The plan, developed by a blue-ribbon committee working on behalf of the Neurocritical Care Society’s Curing Coma Campaign, has three main pillars:

  • Better classify different types of comas, to improve diagnosis and treatment
  • Develop better indicators of patient prognosis, known as biomarkers
  • Advance clinical trials of new therapies to recover consciousness

“We envision that a principled, mechanistic approach to predicting and measuring responses to new therapies in the ICU could allow clinicians to provide targeted treatments that are personalized to each patient, ensuring that each patient is given the best possible chance to recover consciousness in the ICU and beyond,” the committee members wrote in a new paper detailing their recommendations, published in the scientific journal Neurocritical Care.

Dr. Provencio was the lead author of the recommendations.
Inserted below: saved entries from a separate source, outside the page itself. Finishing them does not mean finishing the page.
(* Let $n\ge 7$ and let $D$ be a total dominating set of $G_{n,4}$. Then $|D\cap H_i^4|\ge 4$ for every $i$ with $1\le i\le n$. Moreover, if for some $i$ with $1\le i\le n$ we have $|N(v)\cap D|=1$ for every vertex $v\in H_i^4$, then $D\setminus (D\cap H_i^4)$ is a total dominating set of $G_i^4$.
   Context: $G_{n,m}=C_n\times C_m$ (Cartesian product of cycles) has vertex set $\{x_{ij}: 1\le i\le n,\ 1\le j\le m\}$, where $x_{ij}$ and $x_{i'j'}$ are adjacent iff either $i=i'$ and $j,j'$ are adjacent in the cycle $C_m$ on $\{1,\dots,m\}$, or $j=j'$ and $i,i'$ are adjacent in the cycle $C_n$ on $\{1,\dots,n\}$. $N(v)$ is the open neighbourhood of $v$. Let $Y_i=\{x_{ij}:1\le j\le m\}$ and $H_i^j=Y_i\cup Y_{i+1}\cup\cdots\cup Y_{i+j-1}$ (first indices modulo $n$). $G_i^j$ is the graph obtained from $G_{n,4}-H_i^j$ by adding the edges $x_{(i-1)k}x_{(i+j)k}$, $1\le k\le 4$ (indices modulo $n$); thus $G_i^4\cong G_{n-4,4}$. A set $D$ is a total dominating set of a graph $G$ if every vertex of $G$ has a neighbour (in $G$) in $D$. *)

theory Defs
  imports Main
begin

(* Indices are 1-based as in the paper: vertex x_{ij} is the pair (i,j),
   1 <= i <= n, 1 <= j <= m. *)

(* reduce an index modulo n into the range {1..n} (0 maps to n) *)
definition wrap :: "nat \<Rightarrow> nat \<Rightarrow> nat" where
  "wrap n t = ((t + n - 1) mod n) + 1"

definition cyc_adj :: "nat \<Rightarrow> nat \<Rightarrow> nat \<Rightarrow> bool" where
  "cyc_adj n a b \<longleftrightarrow> a \<in> {1..n} \<and> b \<in> {1..n} \<and> a \<noteq> b \<and>
      (b = a mod n + 1 \<or> a = b mod n + 1)"

definition gverts :: "nat \<Rightarrow> nat \<Rightarrow> (nat \<times> nat) set" where
  "gverts n m = {1..n} \<times> {1..m}"

definition gadj :: "nat \<Rightarrow> nat \<Rightarrow> nat \<times> nat \<Rightarrow> nat \<times> nat \<Rightarrow> bool" where
  "gadj n m u v \<longleftrightarrow>
     (fst u = fst v \<and> fst u \<in> {1..n} \<and> cyc_adj m (snd u) (snd v)) \<or>
     (snd u = snd v \<and> snd u \<in> {1..m} \<and> cyc_adj n (fst u) (fst v))"

definition nbhd :: "'a set \<Rightarrow> ('a \<Rightarrow> 'a \<Rightarrow> bool) \<Rightarrow> 'a \<Rightarrow> 'a set" where
  "nbhd V E v = {u \<in> V. E v u}"

definition total_dom :: "'a set \<Rightarrow> ('a \<Rightarrow> 'a \<Rightarrow> bool) \<Rightarrow> 'a set \<Rightarrow> bool" where
  "total_dom V E D \<longleftrightarrow> D \<subseteq> V \<and> (\<forall>v\<in>V. \<exists>u\<in>D. E v u)"

(* H_i^j = Y_i \<union> ... \<union> Y_{i+j-1}, first indices mod n *)
definition Hset :: "nat \<Rightarrow> nat \<Rightarrow> nat \<Rightarrow> nat \<Rightarrow> (nat \<times> nat) set" where
  "Hset n m i j = {(wrap n (i + t), k) | t k. t < j \<and> k \<in> {1..m}}"

(* G_i^j: from G_{n,4} - H_i^j add edges x_{(i-1)k} x_{(i+j)k}, 1 <= k <= 4 *)
definition Gij_verts :: "nat \<Rightarrow> nat \<Rightarrow> nat \<Rightarrow> (nat \<times> nat) set" where
  "Gij_verts n i j = gverts n 4 - Hset n 4 i j"

definition Gij_adj :: "nat \<Rightarrow> nat \<Rightarrow> nat \<Rightarrow> nat \<times> nat \<Rightarrow> nat \<times> nat \<Rightarrow> bool" where
  "Gij_adj n i j u v \<longleftrightarrow>
     (u \<in> Gij_verts n i j \<and> v \<in> Gij_verts n i j \<and> gadj n 4 u v) \<or>
     (\<exists>k\<in>{1..4}. (u = (wrap n (i - 1), k) \<and> v = (wrap n (i + j), k)) \<or>
                 (v = (wrap n (i - 1), k) \<and> u = (wrap n (i + j), k)))"

end

theory Submission
  imports Defs
begin

(*
  Rows i-1, ..., i+4 of the torus form a band which, for n >= 6, is an injective copy of six
  rows of the ladder P x C_4, and the neighbourhood of a band vertex in rows i, ..., i+3 is the
  image of its ladder neighbourhood. Both claims thus become finite statements about the set of
  ladder positions occupied by D.

  The eight vertices in the two middle rows of H_i^4 form two colour classes. The neighbourhoods
  of the two classes are disjoint subsets of H_i^4, and no vertex is adjacent to a whole class, so
  each class needs two dominators in H_i^4.

  If every vertex of H_i^4 has exactly one neighbour in D, the local conditions force
  x_(i,k) in D ==> x_(i+4,k) in D and x_(i+3,k) in D ==> x_(i-1,k) in D. A vertex outside H_i^4
  whose dominator lies in H_i^4 is x_(i-1,k) or x_(i+4,k) with dominator x_(i,k) resp. x_(i+3,k),
  and the new edge of G_i^4 joins it to the forced vertex of the opposite row.
*)

lemma wrap_mod:
  assumes "0 < n"
  shows "wrap n x mod n = x mod n"
proof -
  have "wrap n x mod n = Suc ((x + n - 1) mod n) mod n"
    by (simp add: wrap_def)
  also have "\<dots> = Suc (x + n - 1) mod n"
    by (rule mod_Suc_eq)
  also have "Suc (x + n - 1) = x + n"
    using assms by simp
  finally show ?thesis by simp
qed
lemma coarser_seminorm_topology:
  assumes "\<And>i. i \<in> I \<Longrightarrow> \<exists>j\<in>I'. \<forall>u\<in>V. \<forall>v\<in>V. \<rho> i (\<lambda>x. u x - v x) \<le> \<rho>' j (\<lambda>x. u x - v x)"
  shows "coarser (seminorm_topology V \<rho> I) (seminorm_topology V \<rho>' I')"
  unfolding coarser_def openin_seminorm_topology
proof (intro allI impI conjI ballI)
  fix U v0
  assume U: "U \<subseteq> V \<and> (\<forall>v0\<in>U. \<exists>J \<epsilon>. finite J \<and> J \<subseteq> I \<and> \<epsilon> > 0 \<and>
    {v\<in>V. \<forall>i\<in>J. \<rho> i (\<lambda>x. v x - v0 x) < ereal \<epsilon>} \<subseteq> U)"
  then show "U \<subseteq> V" by blast
  assume "v0 \<in> U"
  with U obtain J \<epsilon> where J: "finite J" "J \<subseteq> I" "\<epsilon> > 0"
    and nbhd: "{v\<in>V. \<forall>i\<in>J. \<rho> i (\<lambda>x. v x - v0 x) < ereal \<epsilon>} \<subseteq> U"
    by blast
  obtain g where g: "\<And>i. i \<in> J \<Longrightarrow> g i \<in> I'"
    and dominated: "\<And>i u v. i \<in> J \<Longrightarrow> u \<in> V \<Longrightarrow> v \<in> V \<Longrightarrow>
      \<rho> i (\<lambda>x. u x - v x) \<le> \<rho>' (g i) (\<lambda>x. u x - v x)"
    using assms J(2) by (metis subsetD)
  have "{v\<in>V. \<forall>j\<in>g ` J. \<rho>' j (\<lambda>x. v x - v0 x) < ereal \<epsilon>} \<subseteq> U"
    using nbhd dominated \<open>v0 \<in> U\<close> U by (fastforce elim: le_less_trans)
  with J g show "\<exists>J \<epsilon>. finite J \<and> J \<subseteq> I' \<and> \<epsilon> > 0 \<and>
    {v\<in>V. \<forall>i\<in>J. \<rho>' i (\<lambda>x. v x - v0 x) < ereal \<epsilon>} \<subseteq> U"
    by (intro exI[of _ "g ` J"] exI[of _ \<epsilon>]) auto
qed

lemma openin_seminorm_ball:
  assumes "i \<in> I"
    and triangle: "\<And>u v. u \<in> V \<Longrightarrow> v \<in> V \<Longrightarrow> \<rho> i u \<le> \<rho> i (\<lambda>x. u x - v x) + \<rho> i v"
  shows "openin (seminorm_topology V \<rho> I) {v\<in>V. \<rho> i v < ereal r}"
  unfolding openin_seminorm_topology
proof (intro conjI ballI)
  fix v0 assume v0: "v0 \<in> {v\<in>V. \<rho> i v < ereal r}"
  then obtain s where s: "\<rho> i v0 < ereal s" "ereal s < ereal r"
    using ereal_dense2 by blast
  have "\<rho> i v < ereal r" if "v \<in> V" "\<rho> i (\<lambda>x. v x - v0 x) < ereal (r - s)" for v
  proof -
    have "\<rho> i v < ereal (r - s) + ereal s"
      using triangle[OF \<open>v \<in> V\<close>, of v0] v0 that(2) s(1) by (fastforce intro: ereal_add_strict_mono2 elim: le_less_trans)
    then show ?thesis by simp
  qed
  with assms(1) s(2) show "\<exists>J \<epsilon>. finite J \<and> J \<subseteq> I \<and> \<epsilon> > 0 \<and>
    {v\<in>V. \<forall>j\<in>J. \<rho> j (\<lambda>x. v x - v0 x) < ereal \<epsilon>} \<subseteq> {v\<in>V. \<rho> i v < ereal r}"
    by (intro exI[of _ "{i}"] exI[of _ "r - s"]) auto
qed auto

lemma coarser_antisym: "coarser \<sigma> \<tau> \<Longrightarrow> coarser \<tau> \<sigma> \<Longrightarrow> \<sigma> = \<tau>"
  unfolding coarser_def topology_eq by blast

lemma finest_lc_topology_unique:
  "finest_lc_topology V \<tau> T \<Longrightarrow> finest_lc_topology V \<tau> T' \<Longrightarrow> T = T'"
  unfolding finest_lc_topology_def by (blast intro: coarser_antisym)

(* Function types carry no real_vector instance, so the vector space structure of
   'a => real is interpreted directly. *)
definition fun_scaleR :: "real \<Rightarrow> ('a \<Rightarrow> real) \<Rightarrow> 'a \<Rightarrow> real" where
  "fun_scaleR c f = (\<lambda>x. c * f x)"

interpretation fun_vs: vector_space "fun_scaleR :: real \<Rightarrow> ('a \<Rightarrow> real) \<Rightarrow> _"
  by unfold_locales (simp_all add: fun_scaleR_def plus_fun_def algebra_simps)

interpretation fun_vsp: vector_space_pair
  "fun_scaleR :: real \<Rightarrow> ('a \<Rightarrow> real) \<Rightarrow> _" "fun_scaleR :: real \<Rightarrow> ('b \<Rightarrow> real) \<Rightarrow> _" ..

lemma linear_projection_onto_subspace:
  assumes "fun_vs.subspace (F :: ('a \<Rightarrow> real) set)"
  obtains \<pi> where "Vector_Spaces.linear fun_scaleR fun_scaleR \<pi>"
    and "\<And>v. v \<in> F \<Longrightarrow> \<pi> v = v" and "\<And>v. \<pi> v \<in> F"
proof -
  obtain b where b: "b \<subseteq> F" "fun_vs.independent b" "F \<subseteq> fun_vs.span b"
    by (rule fun_vs.basis_exists)
  have span_b: "fun_vs.span b = F"
    using fun_vs.span_subspace[OF b(1,3) assms] .
  define \<pi> where "\<pi> = fun_vsp.construct b id"
  have linear: "Vector_Spaces.linear fun_scaleR fun_scaleR \<pi>"
    unfolding \<pi>_def by (rule fun_vsp.linear_construct[OF b(2)])
  moreover have "\<pi> v = v" if "v \<in> F" for v
    using fun_vsp.linear_eq_on[OF linear fun_vs.linear_id, of v b] that span_b
    unfolding \<pi>_def by (simp add: fun_vsp.construct_basis[OF b(2)])
  moreover have "range \<pi> = F"
    unfolding \<pi>_def using fun_vsp.range_construct_eq_span[OF b(2), of id] span_b by simp
  ultimately show ?thesis using that by blast
qed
He serves as the director of our Nerancy Neuroscience Intensive Care Unit, and he’s deeply vested in improving coma care.

“We now have the tools to understand comatose patients in a way we haven’t in the past. This opens the door to ask the question, ‘Can we improve consciousness in patients in a coma?’” he told me. “This research endeavor aims to help patients and families dealing with the consequences of brain damage gain clarity about the current chances for improvement and maintain hope that, in the future, there will be treatments to help recover consciousness.”